**ASSIGNMENT:** Please copy each line below that contains the string "auto".
(SUPPLIED RECORDS)
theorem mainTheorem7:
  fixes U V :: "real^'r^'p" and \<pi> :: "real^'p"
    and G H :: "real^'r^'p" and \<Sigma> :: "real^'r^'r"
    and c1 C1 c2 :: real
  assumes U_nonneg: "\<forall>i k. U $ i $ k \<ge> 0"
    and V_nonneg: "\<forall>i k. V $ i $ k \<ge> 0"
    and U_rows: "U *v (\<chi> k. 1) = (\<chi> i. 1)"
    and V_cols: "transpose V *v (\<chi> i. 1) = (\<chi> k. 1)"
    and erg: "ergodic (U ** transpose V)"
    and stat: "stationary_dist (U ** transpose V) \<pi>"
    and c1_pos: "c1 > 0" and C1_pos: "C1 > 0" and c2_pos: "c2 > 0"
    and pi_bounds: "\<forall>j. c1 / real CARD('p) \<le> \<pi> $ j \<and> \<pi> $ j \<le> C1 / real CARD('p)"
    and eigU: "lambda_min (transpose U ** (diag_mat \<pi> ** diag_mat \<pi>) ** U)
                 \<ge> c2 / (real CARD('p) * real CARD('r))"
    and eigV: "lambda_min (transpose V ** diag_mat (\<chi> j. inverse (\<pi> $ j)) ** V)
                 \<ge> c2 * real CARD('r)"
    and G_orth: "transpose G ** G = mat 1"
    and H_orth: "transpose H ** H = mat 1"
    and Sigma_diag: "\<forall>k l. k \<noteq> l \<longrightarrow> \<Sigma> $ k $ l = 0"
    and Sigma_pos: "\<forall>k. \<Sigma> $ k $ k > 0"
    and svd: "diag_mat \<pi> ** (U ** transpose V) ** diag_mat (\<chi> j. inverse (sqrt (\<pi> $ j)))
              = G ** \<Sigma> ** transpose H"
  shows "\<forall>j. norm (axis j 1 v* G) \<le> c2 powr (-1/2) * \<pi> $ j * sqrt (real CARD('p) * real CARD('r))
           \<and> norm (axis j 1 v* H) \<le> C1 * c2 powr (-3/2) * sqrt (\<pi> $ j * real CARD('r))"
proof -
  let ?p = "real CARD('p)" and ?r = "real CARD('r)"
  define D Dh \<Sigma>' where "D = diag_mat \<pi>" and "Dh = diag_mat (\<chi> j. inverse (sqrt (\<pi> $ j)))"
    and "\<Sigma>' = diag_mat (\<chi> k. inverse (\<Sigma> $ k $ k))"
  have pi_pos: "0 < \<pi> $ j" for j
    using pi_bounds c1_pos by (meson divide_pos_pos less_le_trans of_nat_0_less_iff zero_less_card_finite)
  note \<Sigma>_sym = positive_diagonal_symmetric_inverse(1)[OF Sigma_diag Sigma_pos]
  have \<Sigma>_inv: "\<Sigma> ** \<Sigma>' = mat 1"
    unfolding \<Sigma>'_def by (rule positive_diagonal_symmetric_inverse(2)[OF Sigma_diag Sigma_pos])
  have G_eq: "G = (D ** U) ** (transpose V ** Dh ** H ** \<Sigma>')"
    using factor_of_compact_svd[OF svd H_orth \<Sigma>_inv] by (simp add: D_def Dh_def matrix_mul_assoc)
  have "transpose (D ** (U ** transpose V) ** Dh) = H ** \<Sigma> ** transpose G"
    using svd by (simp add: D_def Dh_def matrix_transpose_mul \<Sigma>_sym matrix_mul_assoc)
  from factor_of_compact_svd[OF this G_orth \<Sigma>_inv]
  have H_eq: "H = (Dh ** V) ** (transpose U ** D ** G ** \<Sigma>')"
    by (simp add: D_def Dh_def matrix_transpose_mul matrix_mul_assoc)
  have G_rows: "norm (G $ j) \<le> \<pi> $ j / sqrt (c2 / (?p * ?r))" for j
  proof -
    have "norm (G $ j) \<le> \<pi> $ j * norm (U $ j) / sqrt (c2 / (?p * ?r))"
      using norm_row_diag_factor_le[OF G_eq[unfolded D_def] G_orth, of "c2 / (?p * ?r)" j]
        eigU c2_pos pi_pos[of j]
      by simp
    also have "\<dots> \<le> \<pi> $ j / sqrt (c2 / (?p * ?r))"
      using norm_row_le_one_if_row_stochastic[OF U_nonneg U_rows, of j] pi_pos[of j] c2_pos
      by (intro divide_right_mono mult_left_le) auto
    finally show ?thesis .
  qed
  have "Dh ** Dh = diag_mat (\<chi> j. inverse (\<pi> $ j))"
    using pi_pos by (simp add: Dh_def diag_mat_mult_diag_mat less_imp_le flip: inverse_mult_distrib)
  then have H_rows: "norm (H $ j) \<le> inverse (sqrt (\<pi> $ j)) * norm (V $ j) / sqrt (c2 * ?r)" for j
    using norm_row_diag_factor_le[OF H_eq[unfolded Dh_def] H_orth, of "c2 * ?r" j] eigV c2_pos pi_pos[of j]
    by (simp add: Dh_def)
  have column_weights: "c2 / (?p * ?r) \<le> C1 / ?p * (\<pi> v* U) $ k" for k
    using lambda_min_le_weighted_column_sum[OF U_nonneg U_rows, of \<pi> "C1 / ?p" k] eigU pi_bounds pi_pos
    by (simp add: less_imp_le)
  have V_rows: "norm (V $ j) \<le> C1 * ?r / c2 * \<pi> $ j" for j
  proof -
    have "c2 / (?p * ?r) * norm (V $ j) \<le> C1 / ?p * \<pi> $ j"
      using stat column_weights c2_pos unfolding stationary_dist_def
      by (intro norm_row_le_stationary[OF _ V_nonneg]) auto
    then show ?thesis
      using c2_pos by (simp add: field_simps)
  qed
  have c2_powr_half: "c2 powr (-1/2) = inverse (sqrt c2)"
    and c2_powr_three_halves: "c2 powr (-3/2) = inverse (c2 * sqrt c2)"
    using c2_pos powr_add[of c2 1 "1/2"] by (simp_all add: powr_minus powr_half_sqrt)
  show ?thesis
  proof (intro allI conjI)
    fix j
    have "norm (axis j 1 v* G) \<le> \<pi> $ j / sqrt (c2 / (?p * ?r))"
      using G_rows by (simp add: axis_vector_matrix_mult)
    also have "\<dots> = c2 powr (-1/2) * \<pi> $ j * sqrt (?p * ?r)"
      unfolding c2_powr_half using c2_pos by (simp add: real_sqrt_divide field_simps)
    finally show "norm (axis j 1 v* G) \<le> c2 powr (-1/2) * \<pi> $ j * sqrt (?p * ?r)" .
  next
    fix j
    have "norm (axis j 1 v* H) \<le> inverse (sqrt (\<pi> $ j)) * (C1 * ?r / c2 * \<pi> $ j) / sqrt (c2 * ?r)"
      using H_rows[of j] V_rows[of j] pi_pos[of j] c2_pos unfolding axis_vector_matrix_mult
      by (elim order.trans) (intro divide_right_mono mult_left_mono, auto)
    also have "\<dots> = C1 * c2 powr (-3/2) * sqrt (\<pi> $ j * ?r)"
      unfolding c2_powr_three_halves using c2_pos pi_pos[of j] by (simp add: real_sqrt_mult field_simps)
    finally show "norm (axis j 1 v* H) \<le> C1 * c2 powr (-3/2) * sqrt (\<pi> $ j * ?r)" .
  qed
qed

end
(End SUPPLIED RECORDS)
**REPLY:**
      by (intro divide_right_mono mult_left_le) auto
      by (intro norm_row_le_stationary[OF _ V_nonneg]) auto
      by (elim order.trans) (intro divide_right_mono mult_left_mono, auto)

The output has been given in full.